» Task to carry out
Pull each line containing "ultimately" out of the listing below.

» The data
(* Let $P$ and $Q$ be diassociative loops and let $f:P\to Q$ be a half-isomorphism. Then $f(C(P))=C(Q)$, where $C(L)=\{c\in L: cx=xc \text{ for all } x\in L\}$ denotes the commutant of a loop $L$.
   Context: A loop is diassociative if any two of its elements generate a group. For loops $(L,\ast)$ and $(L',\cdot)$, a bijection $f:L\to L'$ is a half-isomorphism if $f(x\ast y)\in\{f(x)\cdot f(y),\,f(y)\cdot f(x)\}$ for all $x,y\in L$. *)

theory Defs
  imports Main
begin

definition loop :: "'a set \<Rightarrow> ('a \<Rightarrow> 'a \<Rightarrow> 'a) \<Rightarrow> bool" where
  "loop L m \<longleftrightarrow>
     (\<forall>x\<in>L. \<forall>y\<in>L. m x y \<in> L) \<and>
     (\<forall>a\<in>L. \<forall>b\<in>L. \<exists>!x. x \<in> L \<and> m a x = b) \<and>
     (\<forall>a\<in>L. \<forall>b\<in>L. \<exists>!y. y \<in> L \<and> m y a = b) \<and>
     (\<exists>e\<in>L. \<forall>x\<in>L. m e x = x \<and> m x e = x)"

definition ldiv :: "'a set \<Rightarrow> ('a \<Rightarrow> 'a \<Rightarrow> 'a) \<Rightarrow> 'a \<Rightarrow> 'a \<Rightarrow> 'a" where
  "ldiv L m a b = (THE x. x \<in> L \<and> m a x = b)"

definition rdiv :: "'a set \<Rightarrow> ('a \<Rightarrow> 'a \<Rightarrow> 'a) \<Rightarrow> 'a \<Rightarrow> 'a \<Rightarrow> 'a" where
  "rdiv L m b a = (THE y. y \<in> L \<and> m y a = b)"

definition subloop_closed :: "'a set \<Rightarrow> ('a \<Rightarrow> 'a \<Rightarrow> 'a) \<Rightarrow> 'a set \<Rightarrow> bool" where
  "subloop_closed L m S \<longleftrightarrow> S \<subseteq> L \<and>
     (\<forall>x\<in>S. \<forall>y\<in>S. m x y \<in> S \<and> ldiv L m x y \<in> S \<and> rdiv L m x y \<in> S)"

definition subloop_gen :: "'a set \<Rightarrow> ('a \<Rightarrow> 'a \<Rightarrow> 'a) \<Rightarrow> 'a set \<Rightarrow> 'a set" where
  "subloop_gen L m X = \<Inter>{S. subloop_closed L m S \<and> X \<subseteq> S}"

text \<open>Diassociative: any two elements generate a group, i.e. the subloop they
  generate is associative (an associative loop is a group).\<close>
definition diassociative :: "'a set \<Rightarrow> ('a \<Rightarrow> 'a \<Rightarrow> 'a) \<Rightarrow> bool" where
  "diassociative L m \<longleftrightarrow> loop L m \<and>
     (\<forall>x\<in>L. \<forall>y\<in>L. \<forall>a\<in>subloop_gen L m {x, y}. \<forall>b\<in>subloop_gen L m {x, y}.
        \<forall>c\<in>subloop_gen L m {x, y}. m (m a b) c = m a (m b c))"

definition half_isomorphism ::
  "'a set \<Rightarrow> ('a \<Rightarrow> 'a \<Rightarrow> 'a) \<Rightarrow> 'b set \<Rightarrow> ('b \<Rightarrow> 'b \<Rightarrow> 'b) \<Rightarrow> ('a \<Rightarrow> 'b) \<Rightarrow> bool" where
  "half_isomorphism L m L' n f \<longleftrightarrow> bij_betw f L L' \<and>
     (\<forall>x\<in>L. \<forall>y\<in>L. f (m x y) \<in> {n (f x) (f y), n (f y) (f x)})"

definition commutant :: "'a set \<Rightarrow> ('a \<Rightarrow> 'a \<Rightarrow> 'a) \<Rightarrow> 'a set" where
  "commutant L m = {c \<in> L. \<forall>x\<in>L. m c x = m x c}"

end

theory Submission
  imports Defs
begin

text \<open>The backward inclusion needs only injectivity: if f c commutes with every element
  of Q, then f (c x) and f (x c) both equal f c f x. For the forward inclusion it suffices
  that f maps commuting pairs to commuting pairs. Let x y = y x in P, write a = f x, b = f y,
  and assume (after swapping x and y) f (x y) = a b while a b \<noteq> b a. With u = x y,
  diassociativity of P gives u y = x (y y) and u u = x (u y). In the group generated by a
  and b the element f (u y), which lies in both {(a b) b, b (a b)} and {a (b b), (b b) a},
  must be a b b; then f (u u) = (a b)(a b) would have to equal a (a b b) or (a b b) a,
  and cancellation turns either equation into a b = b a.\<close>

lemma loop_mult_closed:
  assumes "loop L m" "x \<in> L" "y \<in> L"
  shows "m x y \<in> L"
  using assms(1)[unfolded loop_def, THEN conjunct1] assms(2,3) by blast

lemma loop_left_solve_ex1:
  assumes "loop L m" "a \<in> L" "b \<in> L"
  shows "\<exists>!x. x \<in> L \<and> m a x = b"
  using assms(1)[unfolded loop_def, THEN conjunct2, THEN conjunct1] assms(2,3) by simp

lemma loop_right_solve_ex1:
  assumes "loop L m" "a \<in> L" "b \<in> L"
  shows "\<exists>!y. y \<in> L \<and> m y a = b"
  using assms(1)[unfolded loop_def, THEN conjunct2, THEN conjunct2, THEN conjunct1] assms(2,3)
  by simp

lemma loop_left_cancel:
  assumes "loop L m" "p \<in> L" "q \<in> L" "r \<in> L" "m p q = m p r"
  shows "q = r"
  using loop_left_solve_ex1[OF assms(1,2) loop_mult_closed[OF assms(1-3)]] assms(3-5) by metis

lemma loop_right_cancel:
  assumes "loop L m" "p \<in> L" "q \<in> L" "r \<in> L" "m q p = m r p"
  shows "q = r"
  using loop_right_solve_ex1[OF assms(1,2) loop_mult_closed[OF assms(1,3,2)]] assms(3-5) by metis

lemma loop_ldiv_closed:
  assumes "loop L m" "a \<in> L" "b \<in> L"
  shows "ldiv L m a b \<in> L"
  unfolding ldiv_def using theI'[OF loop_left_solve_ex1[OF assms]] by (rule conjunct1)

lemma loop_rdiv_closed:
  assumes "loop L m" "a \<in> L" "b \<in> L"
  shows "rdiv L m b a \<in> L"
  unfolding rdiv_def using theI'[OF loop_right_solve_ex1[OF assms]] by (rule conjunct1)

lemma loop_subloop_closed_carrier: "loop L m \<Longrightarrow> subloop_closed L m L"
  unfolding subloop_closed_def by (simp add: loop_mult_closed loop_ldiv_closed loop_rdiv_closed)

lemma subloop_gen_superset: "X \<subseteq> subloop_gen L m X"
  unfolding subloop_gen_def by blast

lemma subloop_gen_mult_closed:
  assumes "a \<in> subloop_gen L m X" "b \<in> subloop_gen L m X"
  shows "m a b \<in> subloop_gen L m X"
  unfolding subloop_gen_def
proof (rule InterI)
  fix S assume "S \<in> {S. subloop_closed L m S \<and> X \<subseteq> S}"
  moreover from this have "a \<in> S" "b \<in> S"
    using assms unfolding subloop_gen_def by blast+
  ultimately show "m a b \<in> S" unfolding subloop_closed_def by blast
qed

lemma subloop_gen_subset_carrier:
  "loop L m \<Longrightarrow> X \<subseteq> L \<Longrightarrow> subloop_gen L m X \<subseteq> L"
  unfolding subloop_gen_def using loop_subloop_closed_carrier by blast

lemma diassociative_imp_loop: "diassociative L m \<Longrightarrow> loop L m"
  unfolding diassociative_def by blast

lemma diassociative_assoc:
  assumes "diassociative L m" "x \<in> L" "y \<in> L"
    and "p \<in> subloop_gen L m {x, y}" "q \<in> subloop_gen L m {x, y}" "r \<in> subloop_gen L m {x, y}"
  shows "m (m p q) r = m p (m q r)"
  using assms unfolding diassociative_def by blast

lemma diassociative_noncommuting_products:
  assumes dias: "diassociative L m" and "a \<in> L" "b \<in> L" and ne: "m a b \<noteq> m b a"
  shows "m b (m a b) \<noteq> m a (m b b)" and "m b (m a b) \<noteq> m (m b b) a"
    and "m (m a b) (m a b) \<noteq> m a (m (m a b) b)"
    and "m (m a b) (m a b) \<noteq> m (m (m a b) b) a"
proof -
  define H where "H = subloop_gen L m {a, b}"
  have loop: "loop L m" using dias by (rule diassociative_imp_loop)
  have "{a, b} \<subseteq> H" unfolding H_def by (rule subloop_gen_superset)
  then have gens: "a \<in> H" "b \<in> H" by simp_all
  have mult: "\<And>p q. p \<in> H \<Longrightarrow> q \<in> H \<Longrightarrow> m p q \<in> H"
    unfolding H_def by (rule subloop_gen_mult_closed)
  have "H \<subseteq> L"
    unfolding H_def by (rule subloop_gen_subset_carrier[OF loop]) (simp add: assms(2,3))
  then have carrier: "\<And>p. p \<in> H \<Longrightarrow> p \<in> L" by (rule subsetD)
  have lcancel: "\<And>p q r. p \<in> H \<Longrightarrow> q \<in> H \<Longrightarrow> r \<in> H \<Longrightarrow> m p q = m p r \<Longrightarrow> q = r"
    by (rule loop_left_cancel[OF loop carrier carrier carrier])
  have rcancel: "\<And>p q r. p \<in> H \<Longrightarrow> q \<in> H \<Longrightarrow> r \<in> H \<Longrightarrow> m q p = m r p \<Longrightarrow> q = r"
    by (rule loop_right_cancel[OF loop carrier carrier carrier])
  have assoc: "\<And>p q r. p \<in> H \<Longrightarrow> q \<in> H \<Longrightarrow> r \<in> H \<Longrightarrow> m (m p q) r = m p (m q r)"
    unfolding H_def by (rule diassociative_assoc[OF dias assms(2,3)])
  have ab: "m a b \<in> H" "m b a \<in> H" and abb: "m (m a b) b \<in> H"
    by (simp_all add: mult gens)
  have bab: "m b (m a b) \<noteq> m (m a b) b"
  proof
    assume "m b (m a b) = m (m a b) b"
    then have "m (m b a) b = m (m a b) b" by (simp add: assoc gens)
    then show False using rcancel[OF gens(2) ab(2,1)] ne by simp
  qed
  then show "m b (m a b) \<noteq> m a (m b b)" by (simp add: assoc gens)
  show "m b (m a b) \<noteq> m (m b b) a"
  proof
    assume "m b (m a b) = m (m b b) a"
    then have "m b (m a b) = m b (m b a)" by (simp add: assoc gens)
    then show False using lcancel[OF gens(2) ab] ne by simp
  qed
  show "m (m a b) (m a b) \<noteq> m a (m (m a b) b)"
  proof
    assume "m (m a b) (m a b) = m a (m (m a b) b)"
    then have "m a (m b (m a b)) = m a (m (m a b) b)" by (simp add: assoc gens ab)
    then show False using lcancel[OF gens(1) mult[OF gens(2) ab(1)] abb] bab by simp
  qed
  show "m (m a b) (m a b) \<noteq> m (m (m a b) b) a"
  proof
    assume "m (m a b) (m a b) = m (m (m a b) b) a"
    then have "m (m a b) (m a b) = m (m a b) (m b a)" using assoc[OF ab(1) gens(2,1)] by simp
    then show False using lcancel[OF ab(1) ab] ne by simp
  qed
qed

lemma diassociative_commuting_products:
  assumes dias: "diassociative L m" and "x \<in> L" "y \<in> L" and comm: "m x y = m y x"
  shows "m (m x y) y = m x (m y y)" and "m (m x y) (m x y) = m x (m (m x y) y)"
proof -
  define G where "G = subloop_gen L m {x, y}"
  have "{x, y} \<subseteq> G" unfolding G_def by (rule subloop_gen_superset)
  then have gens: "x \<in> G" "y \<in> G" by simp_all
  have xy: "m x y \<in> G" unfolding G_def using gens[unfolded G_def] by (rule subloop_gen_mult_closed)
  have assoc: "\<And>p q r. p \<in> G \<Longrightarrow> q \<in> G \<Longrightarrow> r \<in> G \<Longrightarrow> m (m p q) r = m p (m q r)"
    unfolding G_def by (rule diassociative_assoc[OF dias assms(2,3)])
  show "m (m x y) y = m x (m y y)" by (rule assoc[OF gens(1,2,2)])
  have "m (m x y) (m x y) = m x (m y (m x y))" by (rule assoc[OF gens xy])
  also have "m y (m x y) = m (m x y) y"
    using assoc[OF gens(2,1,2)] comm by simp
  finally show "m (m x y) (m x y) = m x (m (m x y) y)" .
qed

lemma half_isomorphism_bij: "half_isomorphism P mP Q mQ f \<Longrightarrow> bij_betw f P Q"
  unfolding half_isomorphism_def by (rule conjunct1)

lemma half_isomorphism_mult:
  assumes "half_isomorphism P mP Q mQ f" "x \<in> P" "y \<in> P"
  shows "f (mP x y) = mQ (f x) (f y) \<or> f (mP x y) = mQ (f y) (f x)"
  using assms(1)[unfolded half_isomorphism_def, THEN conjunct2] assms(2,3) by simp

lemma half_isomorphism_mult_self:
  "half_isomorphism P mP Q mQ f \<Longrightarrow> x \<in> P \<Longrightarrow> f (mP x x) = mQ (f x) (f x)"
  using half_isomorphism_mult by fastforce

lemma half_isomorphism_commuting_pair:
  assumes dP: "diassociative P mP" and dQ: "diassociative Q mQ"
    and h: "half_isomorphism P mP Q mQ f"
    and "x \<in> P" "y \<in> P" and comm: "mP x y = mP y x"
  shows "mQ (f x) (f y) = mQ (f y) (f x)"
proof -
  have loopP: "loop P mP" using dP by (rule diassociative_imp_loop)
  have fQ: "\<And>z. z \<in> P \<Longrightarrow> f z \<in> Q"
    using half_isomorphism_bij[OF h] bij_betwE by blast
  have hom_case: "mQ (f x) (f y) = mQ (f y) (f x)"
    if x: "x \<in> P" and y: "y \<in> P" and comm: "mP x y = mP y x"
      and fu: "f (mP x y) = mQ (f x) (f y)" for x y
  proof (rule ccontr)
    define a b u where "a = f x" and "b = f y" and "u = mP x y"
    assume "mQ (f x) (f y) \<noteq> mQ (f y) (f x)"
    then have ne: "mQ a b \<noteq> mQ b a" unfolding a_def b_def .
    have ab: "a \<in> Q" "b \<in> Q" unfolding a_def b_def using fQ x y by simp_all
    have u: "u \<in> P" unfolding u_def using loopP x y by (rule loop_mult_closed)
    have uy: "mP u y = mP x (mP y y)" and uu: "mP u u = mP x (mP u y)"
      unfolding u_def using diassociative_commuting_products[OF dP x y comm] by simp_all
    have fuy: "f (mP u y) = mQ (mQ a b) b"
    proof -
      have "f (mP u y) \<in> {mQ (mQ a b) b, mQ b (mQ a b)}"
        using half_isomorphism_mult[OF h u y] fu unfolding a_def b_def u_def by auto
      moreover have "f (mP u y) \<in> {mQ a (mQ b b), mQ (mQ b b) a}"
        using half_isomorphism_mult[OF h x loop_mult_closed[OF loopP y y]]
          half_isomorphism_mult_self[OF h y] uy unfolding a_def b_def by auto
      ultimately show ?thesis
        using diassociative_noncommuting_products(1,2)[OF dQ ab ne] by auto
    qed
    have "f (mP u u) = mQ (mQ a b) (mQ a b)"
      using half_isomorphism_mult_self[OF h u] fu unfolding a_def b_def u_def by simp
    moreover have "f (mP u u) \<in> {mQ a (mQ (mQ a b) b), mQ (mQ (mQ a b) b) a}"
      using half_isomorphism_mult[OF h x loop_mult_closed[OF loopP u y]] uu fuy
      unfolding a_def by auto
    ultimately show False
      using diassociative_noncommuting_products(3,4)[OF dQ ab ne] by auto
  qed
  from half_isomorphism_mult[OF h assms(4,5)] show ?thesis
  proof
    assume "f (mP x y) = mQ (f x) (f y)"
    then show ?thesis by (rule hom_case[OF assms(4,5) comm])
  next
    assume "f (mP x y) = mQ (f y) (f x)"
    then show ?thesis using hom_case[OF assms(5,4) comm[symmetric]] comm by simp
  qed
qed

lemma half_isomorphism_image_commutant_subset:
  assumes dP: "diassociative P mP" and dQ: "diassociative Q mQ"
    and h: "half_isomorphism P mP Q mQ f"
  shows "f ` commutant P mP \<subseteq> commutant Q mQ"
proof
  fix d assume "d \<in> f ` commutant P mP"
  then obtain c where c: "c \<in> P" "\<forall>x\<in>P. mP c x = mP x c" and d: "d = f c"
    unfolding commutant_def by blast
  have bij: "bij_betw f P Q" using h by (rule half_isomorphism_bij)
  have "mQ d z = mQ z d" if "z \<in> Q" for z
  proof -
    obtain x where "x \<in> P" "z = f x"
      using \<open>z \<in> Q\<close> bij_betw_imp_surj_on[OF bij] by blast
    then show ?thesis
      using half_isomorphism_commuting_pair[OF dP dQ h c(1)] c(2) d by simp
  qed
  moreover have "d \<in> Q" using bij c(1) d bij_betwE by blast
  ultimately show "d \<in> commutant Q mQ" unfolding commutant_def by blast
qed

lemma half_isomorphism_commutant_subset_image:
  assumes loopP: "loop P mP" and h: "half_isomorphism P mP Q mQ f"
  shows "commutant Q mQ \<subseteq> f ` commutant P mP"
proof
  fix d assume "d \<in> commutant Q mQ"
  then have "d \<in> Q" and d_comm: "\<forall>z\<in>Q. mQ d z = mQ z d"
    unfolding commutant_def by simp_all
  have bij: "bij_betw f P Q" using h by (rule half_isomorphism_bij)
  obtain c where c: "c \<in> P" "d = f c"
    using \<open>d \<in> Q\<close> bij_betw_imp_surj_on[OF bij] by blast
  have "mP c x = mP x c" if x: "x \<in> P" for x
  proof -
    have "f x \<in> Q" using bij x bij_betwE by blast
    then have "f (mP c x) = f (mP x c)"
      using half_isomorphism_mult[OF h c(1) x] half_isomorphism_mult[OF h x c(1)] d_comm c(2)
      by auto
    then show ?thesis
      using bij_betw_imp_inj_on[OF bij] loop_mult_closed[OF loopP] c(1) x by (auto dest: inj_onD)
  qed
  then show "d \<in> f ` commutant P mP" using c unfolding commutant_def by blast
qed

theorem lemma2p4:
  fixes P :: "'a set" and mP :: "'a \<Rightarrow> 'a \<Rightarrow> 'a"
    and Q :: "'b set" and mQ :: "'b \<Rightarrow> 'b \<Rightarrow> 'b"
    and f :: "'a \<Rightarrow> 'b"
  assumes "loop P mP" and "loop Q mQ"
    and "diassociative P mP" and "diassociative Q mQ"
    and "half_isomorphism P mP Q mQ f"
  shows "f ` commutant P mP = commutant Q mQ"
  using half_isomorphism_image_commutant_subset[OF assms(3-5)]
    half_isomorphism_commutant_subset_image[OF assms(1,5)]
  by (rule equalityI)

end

» Reply
  ultimately show "m a b \<in> S" unfolding subloop_closed_def by blast
      ultimately show ?thesis
    ultimately show False
  ultimately show "d \<in> commutant Q mQ" unfolding commutant_def by blast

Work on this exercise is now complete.